[AIM OF THE EXERCISE] Each line of the material below with the word "asummability" is to be reported.

___

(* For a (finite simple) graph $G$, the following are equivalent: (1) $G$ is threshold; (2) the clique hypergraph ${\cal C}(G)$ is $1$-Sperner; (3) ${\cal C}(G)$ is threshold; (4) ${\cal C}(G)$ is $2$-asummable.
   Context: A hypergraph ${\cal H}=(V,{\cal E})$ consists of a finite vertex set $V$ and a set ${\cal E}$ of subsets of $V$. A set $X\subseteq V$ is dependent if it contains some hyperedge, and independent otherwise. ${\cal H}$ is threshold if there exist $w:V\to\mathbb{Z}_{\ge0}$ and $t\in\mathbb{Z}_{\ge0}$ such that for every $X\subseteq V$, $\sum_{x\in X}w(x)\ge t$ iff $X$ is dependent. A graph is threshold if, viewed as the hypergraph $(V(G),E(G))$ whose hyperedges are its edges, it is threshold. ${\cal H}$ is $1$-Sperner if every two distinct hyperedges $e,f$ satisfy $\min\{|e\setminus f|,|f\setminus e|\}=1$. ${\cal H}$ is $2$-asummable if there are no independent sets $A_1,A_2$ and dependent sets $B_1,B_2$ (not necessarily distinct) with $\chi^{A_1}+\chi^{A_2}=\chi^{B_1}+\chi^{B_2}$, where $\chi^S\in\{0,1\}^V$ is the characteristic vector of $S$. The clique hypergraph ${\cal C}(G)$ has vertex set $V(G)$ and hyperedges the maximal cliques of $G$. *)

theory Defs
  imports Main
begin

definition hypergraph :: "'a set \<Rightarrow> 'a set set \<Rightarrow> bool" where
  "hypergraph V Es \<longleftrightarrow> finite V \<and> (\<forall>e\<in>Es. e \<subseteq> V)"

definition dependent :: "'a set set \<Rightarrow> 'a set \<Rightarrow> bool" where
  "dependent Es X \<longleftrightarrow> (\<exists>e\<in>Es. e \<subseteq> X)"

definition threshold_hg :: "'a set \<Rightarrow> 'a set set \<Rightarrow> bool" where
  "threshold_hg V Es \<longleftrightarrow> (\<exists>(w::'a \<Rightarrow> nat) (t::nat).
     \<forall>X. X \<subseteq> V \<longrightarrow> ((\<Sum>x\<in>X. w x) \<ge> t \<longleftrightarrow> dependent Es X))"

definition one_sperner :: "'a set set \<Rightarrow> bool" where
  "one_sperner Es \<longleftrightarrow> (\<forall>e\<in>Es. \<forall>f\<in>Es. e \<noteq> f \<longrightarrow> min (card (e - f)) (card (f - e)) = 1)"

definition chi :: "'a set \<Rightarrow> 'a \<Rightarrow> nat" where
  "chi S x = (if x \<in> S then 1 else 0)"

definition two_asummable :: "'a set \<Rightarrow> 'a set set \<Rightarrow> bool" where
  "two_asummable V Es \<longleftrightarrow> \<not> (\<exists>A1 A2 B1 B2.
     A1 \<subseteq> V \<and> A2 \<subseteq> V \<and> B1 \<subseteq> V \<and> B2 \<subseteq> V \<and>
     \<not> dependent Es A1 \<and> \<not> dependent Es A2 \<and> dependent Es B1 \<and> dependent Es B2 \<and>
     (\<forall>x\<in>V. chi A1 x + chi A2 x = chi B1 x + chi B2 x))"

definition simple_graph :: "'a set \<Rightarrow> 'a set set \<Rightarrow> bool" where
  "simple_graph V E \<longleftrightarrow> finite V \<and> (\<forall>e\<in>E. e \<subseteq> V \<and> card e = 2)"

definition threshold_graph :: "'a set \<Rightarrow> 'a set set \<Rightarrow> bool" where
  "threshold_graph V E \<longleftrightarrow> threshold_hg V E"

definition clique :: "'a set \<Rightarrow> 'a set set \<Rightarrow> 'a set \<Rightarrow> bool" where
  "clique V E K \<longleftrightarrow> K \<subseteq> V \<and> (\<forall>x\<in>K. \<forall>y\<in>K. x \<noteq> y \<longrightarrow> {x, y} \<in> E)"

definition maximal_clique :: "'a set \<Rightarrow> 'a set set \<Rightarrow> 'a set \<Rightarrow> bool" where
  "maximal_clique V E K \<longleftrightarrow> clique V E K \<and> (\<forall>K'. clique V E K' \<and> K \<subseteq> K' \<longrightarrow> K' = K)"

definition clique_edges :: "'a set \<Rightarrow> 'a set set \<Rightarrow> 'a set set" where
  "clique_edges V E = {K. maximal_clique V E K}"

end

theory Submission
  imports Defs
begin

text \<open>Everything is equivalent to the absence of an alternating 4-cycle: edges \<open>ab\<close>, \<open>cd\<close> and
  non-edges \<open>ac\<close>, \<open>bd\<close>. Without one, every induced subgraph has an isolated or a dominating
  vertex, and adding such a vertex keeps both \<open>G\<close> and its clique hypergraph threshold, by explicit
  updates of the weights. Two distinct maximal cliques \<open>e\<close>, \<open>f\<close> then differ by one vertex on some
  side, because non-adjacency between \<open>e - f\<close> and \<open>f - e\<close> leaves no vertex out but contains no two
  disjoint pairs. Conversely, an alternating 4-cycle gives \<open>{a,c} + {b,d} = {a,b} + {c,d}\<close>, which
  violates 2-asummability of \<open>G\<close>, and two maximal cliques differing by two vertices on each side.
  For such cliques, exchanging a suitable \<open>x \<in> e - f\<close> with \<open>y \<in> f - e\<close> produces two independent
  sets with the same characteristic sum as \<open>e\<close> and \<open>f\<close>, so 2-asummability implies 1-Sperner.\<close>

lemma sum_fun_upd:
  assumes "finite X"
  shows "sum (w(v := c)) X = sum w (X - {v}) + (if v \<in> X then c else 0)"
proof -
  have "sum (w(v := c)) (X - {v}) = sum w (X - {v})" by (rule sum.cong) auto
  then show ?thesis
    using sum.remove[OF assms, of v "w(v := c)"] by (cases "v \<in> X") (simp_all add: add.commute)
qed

___

[ANSWER TO THIS EXERCISE]
  violates 2-asummability of \<open>G\<close>, and two maximal cliques differing by two vertices on each side.
  sets with the same characteristic sum as \<open>e\<close> and \<open>f\<close>, so 2-asummability implies 1-Sperner.\<close>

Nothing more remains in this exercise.